Whenever a line below holds the word "forall", count it; please give only the final number.

■ Extracted records
++++++

(* multipliers: \<mu> F M is the value at the vertex M of F of the P1 function \<mu>|_F
   (zero junk outside interior edges / vertices) *)
definition Mh :: "vset set \<Rightarrow> (vset \<Rightarrow> vset) \<Rightarrow> (vset \<Rightarrow> pt \<Rightarrow> real) set" where
  "Mh T Kp = {\<mu>. (\<forall>F M. (F \<notin> interior_edges T \<or> M \<notin> F) \<longrightarrow> \<mu> F M = 0) \<and>
      (\<forall>N \<in> interior_nodes T.
          (\<Sum>F \<in> {F \<in> interior_edges T. N \<in> F}. sgn_ccw Kp N F * diameter F * \<mu> F N) = 0)}"

definition bform :: "vset set \<Rightarrow> (vset \<Rightarrow> vset) \<Rightarrow> (vset \<Rightarrow> pt \<Rightarrow> real) \<Rightarrow> (vset \<Rightarrow> pt \<Rightarrow> real) \<Rightarrow> real" where
  "bform T Kp \<mu> v = (\<Sum>F \<in> interior_edges T. diameter F / 2 * (\<Sum>M\<in>F. \<mu> F M * jump T Kp v F M))"

definition hat :: "vset \<Rightarrow> pt \<Rightarrow> (pt \<Rightarrow> real)" where
  "hat K M = (THE \<phi>. affine_fun \<phi> \<and> \<phi> M = 1 \<and> (\<forall>M' \<in> K - {M}. \<phi> M' = 0))"

definition hatchi :: "vset \<Rightarrow> pt \<Rightarrow> (vset \<Rightarrow> pt \<Rightarrow> real)" where
  "hatchi K M = (\<lambda>K'. if K' = K then hat K M else (\<lambda>_. 0))"

definition seg_int :: "pt \<Rightarrow> pt \<Rightarrow> (pt \<Rightarrow> real) \<Rightarrow> real" where
  "seg_int p q \<phi> = dist p q * integral {0..1} (\<lambda>t. \<phi> (p + t *\<^sub>R (q - p)))"

definition edge_int :: "vset \<Rightarrow> (pt \<Rightarrow> real) \<Rightarrow> real" where
  "edge_int F \<phi> = (SOME r. \<exists>p q. F = {p, q} \<and> r = seg_int p q \<phi>)"

definition Tb :: "vset set \<Rightarrow> pt set \<Rightarrow> vset set" where
  "Tb T \<Omega>h = {K \<in> T. convex hull K \<inter> frontier \<Omega>h \<noteq> {}}"

definition Eg :: "vset set \<Rightarrow> (vset \<Rightarrow> vset) \<Rightarrow> pt set \<Rightarrow> vset set" where
  "Eg T Kp \<Omega>h = {F \<in> interior_edges T. Kp F \<in> Tb T \<Omega>h \<or> Km T Kp F \<in> Tb T \<Omega>h}"

(* \<Gamma> K = (p, q) gives the segment \<Gamma>_K = [p,q]; nh K is n_h on \<Gamma>_K *)
definition a_h :: "vset set \<Rightarrow> (vset \<Rightarrow> vset) \<Rightarrow> pt set \<Rightarrow> (vset \<Rightarrow> pt \<times> pt) \<Rightarrow> (vset \<Rightarrow> pt)
     \<Rightarrow> real \<Rightarrow> real \<Rightarrow> (vset \<Rightarrow> pt \<Rightarrow> real) \<Rightarrow> (vset \<Rightarrow> pt \<Rightarrow> real) \<Rightarrow> real" where
  "a_h T Kp \<Omega>h \<Gamma> nh \<beta> \<gamma> w v =
     (\<Sum>K\<in>T. integral (convex hull K \<inter> \<Omega>h) (\<lambda>x. grad (w K) \<bullet> grad (v K)))
   - (\<Sum>K\<in>Tb T \<Omega>h. seg_int (fst (\<Gamma> K)) (snd (\<Gamma> K)) (\<lambda>x. (nh K \<bullet> grad (w K)) * v K x))
   - (\<Sum>K\<in>Tb T \<Omega>h. seg_int (fst (\<Gamma> K)) (snd (\<Gamma> K)) (\<lambda>x. w K x * (nh K \<bullet> grad (v K))))
   + (\<Sum>K\<in>Tb T \<Omega>h. \<beta> / diameter (convex hull K) *
         seg_int (fst (\<Gamma> K)) (snd (\<Gamma> K)) (\<lambda>x. w K x * v K x))
   + \<gamma> * (\<Sum>F\<in>Eg T Kp \<Omega>h. diameter F * edge_int F (\<lambda>x. dn_jump T Kp w F * dn_jump T Kp v F))"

++++++

■ Output for this exercise
3